COMP31212: Concurrency Topics 4.1: Concurrency Patterns - Monitors Topic 4.1: Concurrency

Concurrency What is concurrency? In computer science, concurrency is a property of systems which

Concurrency Control Ensuring Isolation 354 Concurrency control Concurrency To increase

Training Presentation Web Streaming Introduction What is Web Streaming?

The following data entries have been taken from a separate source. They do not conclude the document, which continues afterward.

lemma involution_12_odd:
  fixes x y z m :: int
  assumes A: "(x, y, z) \<in> odd_reps 3 5 12 (4 * m)" and "16 dvd x + 5 * y"
  shows "involution_12 (x, y, z) \<in> {(x, y, z) \<in> reps 3 5 12 (4 * m). even x \<and> odd z} \<and>
    involution_12 (involution_12 (x, y, z)) = (x, y, z)"
proof -
  obtain p where "x + 5 * y = 16 * p" using \<open>16 dvd x + 5 * y\<close> by (elim dvdE)
  then have x: "x = 16 * p - 5 * y" by linarith
  have "(x + 5 * y) div 4 = 4 * p" "(3 * x - y) div 4 = 12 * p - 4 * y"
    by (rule div_eq_of_eq_mult; simp add: x algebra_simps)+
  then have f: "involution_12 (x, y, z) = (4 * p, 12 * p - 4 * y, z)"
    unfolding involution_12_def by simp
  have "3 * (4 * p)^2 + 5 * (12 * p - 4 * y)^2 + 12 * z^2 = 3 * x^2 + 5 * y^2 + 12 * z^2"
    by (simp add: x power2_eq_square algebra_simps)
  also have "\<dots> = 4 * m" using A by (simp add: odd_reps_def reps_def)
  finally have "involution_12 (x, y, z) \<in> {(x, y, z) \<in> reps 3 5 12 (4 * m). even x \<and> odd z}"
    using A by (simp add: f odd_reps_def reps_def)
  moreover have "(4 * p + 5 * (12 * p - 4 * y)) div 4 = x" "(3 * (4 * p) - (12 * p - 4 * y)) div 4 = y"
    by (rule div_eq_of_eq_mult; simp add: x algebra_simps)+
  then have "involution_12 (involution_12 (x, y, z)) = (x, y, z)"
    unfolding f by (simp add: involution_12_def)
  ultimately show ?thesis by (rule conjI)
qed

lemma involution_12_even:
  fixes x y z m :: int
  assumes "m mod 8 = 7" and B: "(x, y, z) \<in> reps 3 5 12 (4 * m)" and "even x" "odd z"
  shows "involution_12 (x, y, z) \<in> {(x, y, z) \<in> odd_reps 3 5 12 (4 * m). 16 dvd x + 5 * y} \<and>
    involution_12 (involution_12 (x, y, z)) = (x, y, z)"
proof -
  have "4 dvd x" "4 dvd y" and odd_xy: "odd (x div 4 + y div 4)"
    using reps_3_5_12_even[OF B assms(1) \<open>even x\<close>] \<open>odd z\<close> by simp_all
  then obtain p q where x: "x = 4 * p" and y: "y = 4 * q" by (meson dvdE)
  from odd_xy have "odd (p + q)" by (simp add: x y)
  have "(x + 5 * y) div 4 = p + 5 * q" "(3 * x - y) div 4 = 3 * p - q"
    by (rule div_eq_of_eq_mult; simp add: x y algebra_simps)+
  then have f: "involution_12 (x, y, z) = (p + 5 * q, 3 * p - q, z)"
    unfolding involution_12_def by simp
  have "3 * (p + 5 * q)^2 + 5 * (3 * p - q)^2 + 12 * z^2 = 3 * x^2 + 5 * y^2 + 12 * z^2"
    by (simp add: x y power2_eq_square algebra_simps)
  also have "\<dots> = 4 * m" using B by (simp add: reps_def)
  finally have "(p + 5 * q, 3 * p - q, z) \<in> odd_reps 3 5 12 (4 * m)"
    using \<open>odd (p + q)\<close> \<open>odd z\<close> by (simp add: odd_reps_def reps_def)
  moreover have "p + 5 * q + 5 * (3 * p - q) = 16 * p" by simp
  ultimately have "involution_12 (x, y, z) \<in> {(x, y, z) \<in> odd_reps 3 5 12 (4 * m). 16 dvd x + 5 * y}"
    by (simp add: f)
  moreover have "(p + 5 * q + 5 * (3 * p - q)) div 4 = x" "(3 * (p + 5 * q) - (3 * p - q)) div 4 = y"
    by (rule div_eq_of_eq_mult; simp add: x y algebra_simps)+
  then have "involution_12 (involution_12 (x, y, z)) = (x, y, z)"
    unfolding f by (simp add: involution_12_def)
  ultimately show ?thesis by (rule conjI)
qed

lemma bij_betw_involution_12:
  fixes m :: int
  assumes "m mod 8 = 7"
  shows "bij_betw involution_12 {(x, y, z) \<in> odd_reps 3 5 12 (4 * m). 16 dvd x + 5 * y}
    {(x, y, z) \<in> reps 3 5 12 (4 * m). even x \<and> odd z}"
  (is "bij_betw _ ?A ?B")
proof (rule bij_betw_by_inverse[where g = involution_12])
  fix v assume "v \<in> ?A"
  then obtain x y z where v: "v = (x, y, z)" and mem: "(x, y, z) \<in> odd_reps 3 5 12 (4 * m)" "16 dvd x + 5 * y"
    by (metis (no_types, lifting) case_prodE mem_Collect_eq)
  from mem show "involution_12 v \<in> ?B \<and> involution_12 (involution_12 v) = v"
    unfolding v by (rule involution_12_odd)
next
  fix w assume "w \<in> ?B"
  then obtain x y z where w: "w = (x, y, z)" and mem: "(x, y, z) \<in> reps 3 5 12 (4 * m)" "even x" "odd z"
    by (metis (no_types, lifting) case_prodE mem_Collect_eq)
  from assms mem show "involution_12 w \<in> ?A \<and> involution_12 (involution_12 w) = w"
    unfolding w by (rule involution_12_even)
qed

Who is Streaming?

20 STREAMING AGREEMENT 19 16 OCTOBER US$145 million Streaming Agreement US$145 million

2 Workloa d? 3 OLTP 4 OLAP OLTP 4 OLAP OLTP Streaming 4 Scan- OLAP OLTP Streaming

CONCURRENCY MODELS: GO CONCURRENCY MODEL BY VASYL NAKVASIUK, 2014 KYIV GO MEETUP #1

Concurrency First Concurrency First Concurrency First but we but we d better get it

Concurrency: Mutual Exclusion and Synchronization Chapter 5 1 Concurrency Multiple

Concurrency: Mutual Exclusion and Synchronization Chapter 5 1 Concurrency Concurrency arises

Advanced Java Concurrency Framework By Nisarg Shah Rutvi Joshi Advanced Java Concurrency

Asynchronous Programming Model for Concurrency concurrency Concurrency is when two or more tasks

Massive-scale analysis of streaming social networks David A. Bader Exascale Streaming Data

Spark Streaming and GraphX Amir H. Payberah amir@sics.se SICS Swedish ICT Amir H. Payberah

Introduction (1) Packet Loss Recovery for Streaming is growing Commercial streaming

Landell - live streaming for the masses Luciana Fujii Pontello Landell - live streaming for the

RFNoC: Evolving SDR Toolkits to the FPGA platgorm Martjn Braun 31.1.2016 USRP: A White Box?

Delay and laziness no not ea eager er ... When are expressions

Lecture 36: MapReduce Frameworks [Adapted from slides by John DeNero and MapReduce is a

Interface Documents David Christian 11/20/17 Interface between CE and DAQ Interface

Evolution of an Apache Spark Nick Afshartous Architecture for Processing WB Analytics Game Data

MANAGING AND MANAGING AND PROCESSING LARGE PROCESSING LARGE DATASETS DATASETS Christian

Causal Commutative Arrows Revisited Jeremy Yallop Hai (Paul) Liu University of Cambridge Intel

Big Data with ADAMS Big Data with ADAMS What the heck is ADAMS? Peter Reutemann What is ADAMS?